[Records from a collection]

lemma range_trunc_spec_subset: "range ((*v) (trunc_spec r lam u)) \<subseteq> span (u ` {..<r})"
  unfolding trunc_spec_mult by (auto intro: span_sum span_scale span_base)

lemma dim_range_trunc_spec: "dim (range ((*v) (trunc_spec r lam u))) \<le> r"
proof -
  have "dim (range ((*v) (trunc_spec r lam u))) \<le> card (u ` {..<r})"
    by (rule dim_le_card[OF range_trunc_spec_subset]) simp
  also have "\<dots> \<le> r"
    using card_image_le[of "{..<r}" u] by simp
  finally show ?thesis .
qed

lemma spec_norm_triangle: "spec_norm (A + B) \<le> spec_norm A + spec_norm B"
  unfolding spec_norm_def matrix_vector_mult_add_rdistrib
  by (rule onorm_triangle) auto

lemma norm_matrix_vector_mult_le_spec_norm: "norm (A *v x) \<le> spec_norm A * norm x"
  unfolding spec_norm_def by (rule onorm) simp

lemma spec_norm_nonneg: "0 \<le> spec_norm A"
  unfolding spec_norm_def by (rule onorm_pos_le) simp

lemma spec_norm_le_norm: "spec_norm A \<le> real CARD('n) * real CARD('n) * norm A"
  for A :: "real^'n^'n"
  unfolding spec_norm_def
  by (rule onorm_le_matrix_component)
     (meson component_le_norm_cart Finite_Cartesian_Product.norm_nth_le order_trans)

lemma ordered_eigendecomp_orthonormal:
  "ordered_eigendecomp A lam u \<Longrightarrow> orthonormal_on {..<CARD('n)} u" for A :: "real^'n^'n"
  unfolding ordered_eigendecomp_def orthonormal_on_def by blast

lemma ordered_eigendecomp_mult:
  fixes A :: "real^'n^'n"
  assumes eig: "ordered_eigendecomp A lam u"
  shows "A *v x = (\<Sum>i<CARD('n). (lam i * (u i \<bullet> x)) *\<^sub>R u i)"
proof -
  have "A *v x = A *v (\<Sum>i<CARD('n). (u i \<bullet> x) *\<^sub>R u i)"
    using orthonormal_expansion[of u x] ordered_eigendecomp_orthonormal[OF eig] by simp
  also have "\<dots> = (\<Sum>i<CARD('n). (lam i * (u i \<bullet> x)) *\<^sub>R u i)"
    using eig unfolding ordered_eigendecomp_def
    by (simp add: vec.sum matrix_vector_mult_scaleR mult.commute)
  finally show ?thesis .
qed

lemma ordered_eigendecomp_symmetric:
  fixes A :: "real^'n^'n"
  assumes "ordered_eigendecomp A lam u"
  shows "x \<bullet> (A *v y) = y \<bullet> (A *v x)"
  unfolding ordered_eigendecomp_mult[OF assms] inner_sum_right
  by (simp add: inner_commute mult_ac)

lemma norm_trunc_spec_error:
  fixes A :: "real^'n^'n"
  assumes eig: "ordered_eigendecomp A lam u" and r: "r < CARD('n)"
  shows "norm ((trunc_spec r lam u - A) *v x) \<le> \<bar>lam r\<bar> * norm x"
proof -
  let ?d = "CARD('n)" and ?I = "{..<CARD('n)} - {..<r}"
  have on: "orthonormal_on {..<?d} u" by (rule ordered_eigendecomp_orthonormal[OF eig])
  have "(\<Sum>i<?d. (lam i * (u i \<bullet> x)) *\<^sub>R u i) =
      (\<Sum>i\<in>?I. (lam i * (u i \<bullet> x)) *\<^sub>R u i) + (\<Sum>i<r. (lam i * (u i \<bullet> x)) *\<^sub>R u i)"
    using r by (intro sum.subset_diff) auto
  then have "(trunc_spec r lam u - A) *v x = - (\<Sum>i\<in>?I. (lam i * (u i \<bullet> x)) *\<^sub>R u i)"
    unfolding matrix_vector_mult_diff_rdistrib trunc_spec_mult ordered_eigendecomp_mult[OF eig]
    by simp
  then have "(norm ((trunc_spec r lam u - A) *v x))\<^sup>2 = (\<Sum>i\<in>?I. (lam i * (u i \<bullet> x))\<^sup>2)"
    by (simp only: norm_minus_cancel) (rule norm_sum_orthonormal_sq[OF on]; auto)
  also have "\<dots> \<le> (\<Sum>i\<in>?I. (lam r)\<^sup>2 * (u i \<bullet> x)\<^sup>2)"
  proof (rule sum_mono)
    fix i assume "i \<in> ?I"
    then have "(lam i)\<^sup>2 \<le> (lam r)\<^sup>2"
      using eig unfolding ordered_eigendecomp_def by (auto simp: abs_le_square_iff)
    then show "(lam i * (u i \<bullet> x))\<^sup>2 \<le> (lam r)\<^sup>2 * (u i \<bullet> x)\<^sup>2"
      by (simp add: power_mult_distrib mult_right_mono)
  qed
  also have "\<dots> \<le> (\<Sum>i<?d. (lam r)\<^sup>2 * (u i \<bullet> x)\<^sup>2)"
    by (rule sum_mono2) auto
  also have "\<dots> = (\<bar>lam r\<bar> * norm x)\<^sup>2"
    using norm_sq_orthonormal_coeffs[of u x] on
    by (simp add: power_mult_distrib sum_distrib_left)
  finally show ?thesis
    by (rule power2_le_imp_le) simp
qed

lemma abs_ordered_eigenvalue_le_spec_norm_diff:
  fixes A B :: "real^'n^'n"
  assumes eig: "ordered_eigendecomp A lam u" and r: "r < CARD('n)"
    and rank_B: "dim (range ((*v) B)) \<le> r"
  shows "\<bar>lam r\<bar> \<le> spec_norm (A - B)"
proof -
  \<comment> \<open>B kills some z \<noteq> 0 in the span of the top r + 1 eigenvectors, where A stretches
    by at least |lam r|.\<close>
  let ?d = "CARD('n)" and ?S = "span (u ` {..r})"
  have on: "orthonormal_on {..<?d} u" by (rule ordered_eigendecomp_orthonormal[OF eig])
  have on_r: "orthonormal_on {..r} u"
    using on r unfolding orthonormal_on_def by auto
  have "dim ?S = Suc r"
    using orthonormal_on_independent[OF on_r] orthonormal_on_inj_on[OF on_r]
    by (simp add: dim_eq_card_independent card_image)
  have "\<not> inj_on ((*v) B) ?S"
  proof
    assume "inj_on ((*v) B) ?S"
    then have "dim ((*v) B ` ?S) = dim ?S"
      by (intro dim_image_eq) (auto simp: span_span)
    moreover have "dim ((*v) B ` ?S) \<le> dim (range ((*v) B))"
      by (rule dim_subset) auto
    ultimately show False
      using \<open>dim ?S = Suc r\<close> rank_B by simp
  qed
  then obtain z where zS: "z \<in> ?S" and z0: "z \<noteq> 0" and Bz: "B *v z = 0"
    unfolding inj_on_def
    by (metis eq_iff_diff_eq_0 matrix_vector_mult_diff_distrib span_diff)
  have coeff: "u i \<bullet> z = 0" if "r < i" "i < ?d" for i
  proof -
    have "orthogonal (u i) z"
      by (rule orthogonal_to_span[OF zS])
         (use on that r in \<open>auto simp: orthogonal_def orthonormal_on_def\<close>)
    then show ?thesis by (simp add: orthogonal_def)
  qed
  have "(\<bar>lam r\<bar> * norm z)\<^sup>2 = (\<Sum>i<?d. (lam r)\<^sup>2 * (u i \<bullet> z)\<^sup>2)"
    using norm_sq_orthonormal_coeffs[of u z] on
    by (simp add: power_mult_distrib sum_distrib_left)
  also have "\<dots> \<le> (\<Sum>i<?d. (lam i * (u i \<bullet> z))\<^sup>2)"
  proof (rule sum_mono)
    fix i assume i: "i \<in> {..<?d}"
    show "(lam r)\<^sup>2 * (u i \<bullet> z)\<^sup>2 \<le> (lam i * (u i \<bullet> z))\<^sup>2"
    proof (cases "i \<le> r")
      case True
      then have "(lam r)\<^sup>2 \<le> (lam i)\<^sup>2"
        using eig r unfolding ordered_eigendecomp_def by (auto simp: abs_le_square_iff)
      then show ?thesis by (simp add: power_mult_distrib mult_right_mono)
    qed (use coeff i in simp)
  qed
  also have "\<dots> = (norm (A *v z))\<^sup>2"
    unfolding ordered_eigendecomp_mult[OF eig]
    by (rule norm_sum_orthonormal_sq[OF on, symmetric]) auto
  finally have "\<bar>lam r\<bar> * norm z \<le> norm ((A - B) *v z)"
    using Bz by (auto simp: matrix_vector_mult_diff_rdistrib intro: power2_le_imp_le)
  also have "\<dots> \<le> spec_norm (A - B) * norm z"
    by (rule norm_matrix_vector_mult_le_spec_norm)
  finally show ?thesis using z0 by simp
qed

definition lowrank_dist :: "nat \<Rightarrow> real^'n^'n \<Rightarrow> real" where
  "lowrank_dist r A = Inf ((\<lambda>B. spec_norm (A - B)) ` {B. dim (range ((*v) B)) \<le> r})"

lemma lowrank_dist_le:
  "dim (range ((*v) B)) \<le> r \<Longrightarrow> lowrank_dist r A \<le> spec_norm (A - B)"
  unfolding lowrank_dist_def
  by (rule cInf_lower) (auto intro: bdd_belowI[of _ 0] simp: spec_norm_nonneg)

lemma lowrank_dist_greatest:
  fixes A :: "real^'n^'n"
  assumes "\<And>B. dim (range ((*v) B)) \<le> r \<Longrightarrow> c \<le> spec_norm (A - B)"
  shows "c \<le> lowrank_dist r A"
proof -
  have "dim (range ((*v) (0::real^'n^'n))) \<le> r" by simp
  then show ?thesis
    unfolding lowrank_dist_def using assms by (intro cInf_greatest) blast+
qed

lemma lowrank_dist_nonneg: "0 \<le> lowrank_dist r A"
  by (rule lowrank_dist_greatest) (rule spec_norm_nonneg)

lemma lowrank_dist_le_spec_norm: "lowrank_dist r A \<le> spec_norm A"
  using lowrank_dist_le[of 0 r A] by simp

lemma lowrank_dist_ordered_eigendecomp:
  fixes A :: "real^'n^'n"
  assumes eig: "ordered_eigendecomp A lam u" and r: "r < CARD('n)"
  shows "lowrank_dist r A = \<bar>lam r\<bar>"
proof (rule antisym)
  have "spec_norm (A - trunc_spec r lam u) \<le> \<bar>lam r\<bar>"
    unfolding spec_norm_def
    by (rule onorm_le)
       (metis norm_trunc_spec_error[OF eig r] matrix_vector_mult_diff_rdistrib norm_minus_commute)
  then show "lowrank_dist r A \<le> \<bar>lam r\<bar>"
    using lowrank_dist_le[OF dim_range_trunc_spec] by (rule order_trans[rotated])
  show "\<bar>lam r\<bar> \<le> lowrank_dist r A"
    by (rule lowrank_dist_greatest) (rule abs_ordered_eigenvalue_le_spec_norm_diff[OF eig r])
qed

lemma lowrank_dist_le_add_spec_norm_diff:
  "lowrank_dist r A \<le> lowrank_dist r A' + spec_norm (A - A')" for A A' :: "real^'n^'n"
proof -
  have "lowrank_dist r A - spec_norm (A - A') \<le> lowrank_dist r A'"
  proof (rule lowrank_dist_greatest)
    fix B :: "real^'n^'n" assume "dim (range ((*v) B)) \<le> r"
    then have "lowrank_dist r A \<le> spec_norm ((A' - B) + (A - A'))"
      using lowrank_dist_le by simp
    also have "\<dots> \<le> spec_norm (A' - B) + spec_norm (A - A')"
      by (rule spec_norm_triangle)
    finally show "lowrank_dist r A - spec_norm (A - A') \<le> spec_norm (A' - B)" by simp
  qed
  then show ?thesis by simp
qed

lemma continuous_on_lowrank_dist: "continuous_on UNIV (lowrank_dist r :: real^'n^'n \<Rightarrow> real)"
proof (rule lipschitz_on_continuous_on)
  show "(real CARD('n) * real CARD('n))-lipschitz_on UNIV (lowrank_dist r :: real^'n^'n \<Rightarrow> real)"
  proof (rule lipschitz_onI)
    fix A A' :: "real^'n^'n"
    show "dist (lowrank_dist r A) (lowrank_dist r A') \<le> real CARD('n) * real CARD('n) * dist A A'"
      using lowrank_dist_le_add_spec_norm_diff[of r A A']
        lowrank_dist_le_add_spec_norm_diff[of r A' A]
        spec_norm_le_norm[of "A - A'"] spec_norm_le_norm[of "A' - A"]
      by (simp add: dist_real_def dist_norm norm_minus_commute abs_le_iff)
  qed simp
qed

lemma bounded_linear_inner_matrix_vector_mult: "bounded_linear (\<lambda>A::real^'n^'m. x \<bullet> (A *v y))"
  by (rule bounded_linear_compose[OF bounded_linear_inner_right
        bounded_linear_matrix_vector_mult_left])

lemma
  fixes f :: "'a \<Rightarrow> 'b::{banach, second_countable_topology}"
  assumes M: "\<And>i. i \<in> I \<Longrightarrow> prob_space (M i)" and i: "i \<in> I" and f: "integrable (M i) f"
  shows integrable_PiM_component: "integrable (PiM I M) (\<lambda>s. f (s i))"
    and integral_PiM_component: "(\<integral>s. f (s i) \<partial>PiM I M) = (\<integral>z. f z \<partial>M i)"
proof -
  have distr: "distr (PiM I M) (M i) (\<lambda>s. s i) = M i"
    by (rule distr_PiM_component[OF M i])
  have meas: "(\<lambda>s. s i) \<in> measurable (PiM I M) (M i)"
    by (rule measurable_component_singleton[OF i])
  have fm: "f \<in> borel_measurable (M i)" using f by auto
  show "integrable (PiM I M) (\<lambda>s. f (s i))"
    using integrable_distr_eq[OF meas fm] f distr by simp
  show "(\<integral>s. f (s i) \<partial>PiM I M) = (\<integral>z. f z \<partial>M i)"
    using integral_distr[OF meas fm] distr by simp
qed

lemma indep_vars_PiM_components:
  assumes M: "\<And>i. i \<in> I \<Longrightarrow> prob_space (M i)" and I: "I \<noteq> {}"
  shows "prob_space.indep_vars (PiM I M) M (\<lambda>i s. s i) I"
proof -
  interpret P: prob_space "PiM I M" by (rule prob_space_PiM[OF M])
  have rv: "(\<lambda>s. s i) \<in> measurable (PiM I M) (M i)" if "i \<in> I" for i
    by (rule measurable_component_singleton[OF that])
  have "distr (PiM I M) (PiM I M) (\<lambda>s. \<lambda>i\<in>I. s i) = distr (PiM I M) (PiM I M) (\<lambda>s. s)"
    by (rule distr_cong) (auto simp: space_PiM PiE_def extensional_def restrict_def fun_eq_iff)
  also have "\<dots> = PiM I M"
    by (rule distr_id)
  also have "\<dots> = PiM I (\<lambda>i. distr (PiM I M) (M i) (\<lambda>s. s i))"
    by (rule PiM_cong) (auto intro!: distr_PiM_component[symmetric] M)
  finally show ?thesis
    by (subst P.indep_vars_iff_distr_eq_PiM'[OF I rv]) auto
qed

:: What to do ::
Each line in the entries above, starting at the line with "by (rule dim_subset) auto" and ending at the line with "z)\<^sup>2 \<le> (lam", is to be printed exactly, and only those lines.

:: Answer to the problem ::
      by (rule dim_subset) auto
    ultimately show False
      using \<open>dim ?S = Suc r\<close> rank_B by simp
  qed
  then obtain z where zS: "z \<in> ?S" and z0: "z \<noteq> 0" and Bz: "B *v z = 0"
    unfolding inj_on_def
    by (metis eq_iff_diff_eq_0 matrix_vector_mult_diff_distrib span_diff)
  have coeff: "u i \<bullet> z = 0" if "r < i" "i < ?d" for i
  proof -
    have "orthogonal (u i) z"
      by (rule orthogonal_to_span[OF zS])
         (use on that r in \<open>auto simp: orthogonal_def orthonormal_on_def\<close>)
    then show ?thesis by (simp add: orthogonal_def)
  qed
  have "(\<bar>lam r\<bar> * norm z)\<^sup>2 = (\<Sum>i<?d. (lam r)\<^sup>2 * (u i \<bullet> z)\<^sup>2)"
    using norm_sq_orthonormal_coeffs[of u z] on
    by (simp add: power_mult_distrib sum_distrib_left)
  also have "\<dots> \<le> (\<Sum>i<?d. (lam i * (u i \<bullet> z))\<^sup>2)"
  proof (rule sum_mono)
    fix i assume i: "i \<in> {..<?d}"
    show "(lam r)\<^sup>2 * (u i \<bullet> z)\<^sup>2 \<le> (lam i * (u i \<bullet> z))\<^sup>2"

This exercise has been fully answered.